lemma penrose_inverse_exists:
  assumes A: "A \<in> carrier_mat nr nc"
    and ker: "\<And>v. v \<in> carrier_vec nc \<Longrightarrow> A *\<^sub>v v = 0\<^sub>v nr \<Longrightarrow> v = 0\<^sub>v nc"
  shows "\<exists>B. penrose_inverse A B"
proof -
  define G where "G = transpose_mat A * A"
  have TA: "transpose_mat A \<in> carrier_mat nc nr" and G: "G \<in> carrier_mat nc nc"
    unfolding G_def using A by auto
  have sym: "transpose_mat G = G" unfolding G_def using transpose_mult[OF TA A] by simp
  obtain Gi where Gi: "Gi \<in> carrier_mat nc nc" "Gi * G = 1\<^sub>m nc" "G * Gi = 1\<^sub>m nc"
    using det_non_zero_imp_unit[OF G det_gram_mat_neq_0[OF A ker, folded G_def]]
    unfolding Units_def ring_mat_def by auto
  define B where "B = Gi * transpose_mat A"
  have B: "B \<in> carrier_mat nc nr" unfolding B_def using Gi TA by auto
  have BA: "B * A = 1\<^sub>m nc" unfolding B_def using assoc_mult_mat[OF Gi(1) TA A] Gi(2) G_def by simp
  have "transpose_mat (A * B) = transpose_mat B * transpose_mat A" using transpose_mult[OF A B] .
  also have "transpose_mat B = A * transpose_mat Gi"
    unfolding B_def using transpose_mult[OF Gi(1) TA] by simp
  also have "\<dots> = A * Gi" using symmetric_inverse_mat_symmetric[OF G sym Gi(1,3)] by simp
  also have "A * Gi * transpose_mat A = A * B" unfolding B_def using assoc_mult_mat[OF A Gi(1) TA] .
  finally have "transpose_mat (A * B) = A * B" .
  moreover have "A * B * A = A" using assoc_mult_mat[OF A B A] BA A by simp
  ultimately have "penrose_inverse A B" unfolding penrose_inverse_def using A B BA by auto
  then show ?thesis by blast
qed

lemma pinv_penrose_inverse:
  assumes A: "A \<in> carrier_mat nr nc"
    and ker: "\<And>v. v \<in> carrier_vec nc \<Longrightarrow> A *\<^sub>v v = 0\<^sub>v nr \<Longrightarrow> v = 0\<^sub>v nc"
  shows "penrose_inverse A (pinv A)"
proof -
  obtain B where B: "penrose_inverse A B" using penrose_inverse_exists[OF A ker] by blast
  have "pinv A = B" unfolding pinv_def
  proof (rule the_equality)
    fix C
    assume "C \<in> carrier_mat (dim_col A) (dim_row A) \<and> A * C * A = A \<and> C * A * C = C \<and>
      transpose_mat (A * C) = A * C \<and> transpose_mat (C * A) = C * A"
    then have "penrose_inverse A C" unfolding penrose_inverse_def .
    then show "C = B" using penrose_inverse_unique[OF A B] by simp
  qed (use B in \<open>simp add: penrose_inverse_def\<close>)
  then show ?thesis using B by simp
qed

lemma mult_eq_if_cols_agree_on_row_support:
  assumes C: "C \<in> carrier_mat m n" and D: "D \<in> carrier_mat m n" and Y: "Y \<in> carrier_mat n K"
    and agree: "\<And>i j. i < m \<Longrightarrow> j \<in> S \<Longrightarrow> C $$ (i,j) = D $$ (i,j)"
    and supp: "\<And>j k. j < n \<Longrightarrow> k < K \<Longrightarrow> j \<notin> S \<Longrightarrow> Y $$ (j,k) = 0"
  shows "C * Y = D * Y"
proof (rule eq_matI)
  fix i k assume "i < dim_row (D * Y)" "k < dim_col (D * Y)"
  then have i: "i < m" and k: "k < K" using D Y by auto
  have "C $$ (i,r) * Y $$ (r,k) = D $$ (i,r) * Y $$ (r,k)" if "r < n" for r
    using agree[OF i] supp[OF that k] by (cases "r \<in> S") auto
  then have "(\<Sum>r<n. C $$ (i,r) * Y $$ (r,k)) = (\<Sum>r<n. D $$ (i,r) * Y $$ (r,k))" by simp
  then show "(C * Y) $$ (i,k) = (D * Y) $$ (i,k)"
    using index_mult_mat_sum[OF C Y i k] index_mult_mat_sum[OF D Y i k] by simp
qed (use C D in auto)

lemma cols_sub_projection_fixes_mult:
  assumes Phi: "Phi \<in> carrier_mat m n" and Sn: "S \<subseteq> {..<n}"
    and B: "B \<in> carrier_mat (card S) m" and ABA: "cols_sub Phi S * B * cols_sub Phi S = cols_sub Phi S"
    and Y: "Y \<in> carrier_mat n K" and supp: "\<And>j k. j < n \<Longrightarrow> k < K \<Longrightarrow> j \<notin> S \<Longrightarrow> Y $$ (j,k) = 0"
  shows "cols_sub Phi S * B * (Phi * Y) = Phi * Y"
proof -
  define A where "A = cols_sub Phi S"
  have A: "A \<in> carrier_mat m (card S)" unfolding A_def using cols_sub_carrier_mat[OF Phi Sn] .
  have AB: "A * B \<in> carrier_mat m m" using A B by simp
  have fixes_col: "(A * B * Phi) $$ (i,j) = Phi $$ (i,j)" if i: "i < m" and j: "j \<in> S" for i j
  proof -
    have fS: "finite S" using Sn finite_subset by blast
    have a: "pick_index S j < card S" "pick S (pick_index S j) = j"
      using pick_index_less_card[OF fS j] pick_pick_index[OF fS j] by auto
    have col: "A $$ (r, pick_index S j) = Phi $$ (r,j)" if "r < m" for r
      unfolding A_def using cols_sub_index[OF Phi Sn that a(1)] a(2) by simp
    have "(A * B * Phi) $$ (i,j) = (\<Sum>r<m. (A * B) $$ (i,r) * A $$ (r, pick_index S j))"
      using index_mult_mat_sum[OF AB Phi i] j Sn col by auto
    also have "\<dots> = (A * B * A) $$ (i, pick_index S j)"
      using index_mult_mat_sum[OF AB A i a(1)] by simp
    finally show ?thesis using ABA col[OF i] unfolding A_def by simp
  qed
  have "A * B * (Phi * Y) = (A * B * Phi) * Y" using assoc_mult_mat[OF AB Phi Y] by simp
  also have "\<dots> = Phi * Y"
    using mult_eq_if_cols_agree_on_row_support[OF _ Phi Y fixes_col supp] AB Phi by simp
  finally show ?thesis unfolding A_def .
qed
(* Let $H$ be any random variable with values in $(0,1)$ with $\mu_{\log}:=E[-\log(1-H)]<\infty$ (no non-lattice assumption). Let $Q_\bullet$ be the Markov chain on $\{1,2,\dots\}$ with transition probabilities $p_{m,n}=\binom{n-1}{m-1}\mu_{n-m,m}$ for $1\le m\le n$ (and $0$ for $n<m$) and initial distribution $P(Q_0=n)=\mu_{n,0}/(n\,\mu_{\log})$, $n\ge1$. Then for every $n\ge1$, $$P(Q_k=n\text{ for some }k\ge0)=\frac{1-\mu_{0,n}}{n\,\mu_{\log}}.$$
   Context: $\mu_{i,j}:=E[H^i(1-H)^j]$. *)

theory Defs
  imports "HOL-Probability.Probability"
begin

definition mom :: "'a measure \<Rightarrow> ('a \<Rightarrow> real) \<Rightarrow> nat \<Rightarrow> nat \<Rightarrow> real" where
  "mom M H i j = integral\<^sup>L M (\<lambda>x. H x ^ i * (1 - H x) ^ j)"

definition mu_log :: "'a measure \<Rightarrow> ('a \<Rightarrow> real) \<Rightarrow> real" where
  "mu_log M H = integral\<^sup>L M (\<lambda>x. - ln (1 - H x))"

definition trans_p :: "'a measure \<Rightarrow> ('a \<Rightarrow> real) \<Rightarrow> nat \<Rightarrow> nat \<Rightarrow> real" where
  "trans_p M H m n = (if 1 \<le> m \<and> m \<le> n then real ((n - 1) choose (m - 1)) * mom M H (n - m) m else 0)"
________________________
- What to work on
Copy out only the lines running from the beginning of the data to the line with "unfolding Units_def ring_mat_def by auto", both ends included.

- Written answer
lemma penrose_inverse_exists:
  assumes A: "A \<in> carrier_mat nr nc"
    and ker: "\<And>v. v \<in> carrier_vec nc \<Longrightarrow> A *\<^sub>v v = 0\<^sub>v nr \<Longrightarrow> v = 0\<^sub>v nc"
  shows "\<exists>B. penrose_inverse A B"
proof -
  define G where "G = transpose_mat A * A"
  have TA: "transpose_mat A \<in> carrier_mat nc nr" and G: "G \<in> carrier_mat nc nc"
    unfolding G_def using A by auto
  have sym: "transpose_mat G = G" unfolding G_def using transpose_mult[OF TA A] by simp
  obtain Gi where Gi: "Gi \<in> carrier_mat nc nc" "Gi * G = 1\<^sub>m nc" "G * Gi = 1\<^sub>m nc"
    using det_non_zero_imp_unit[OF G det_gram_mat_neq_0[OF A ker, folded G_def]]
    unfolding Units_def ring_mat_def by auto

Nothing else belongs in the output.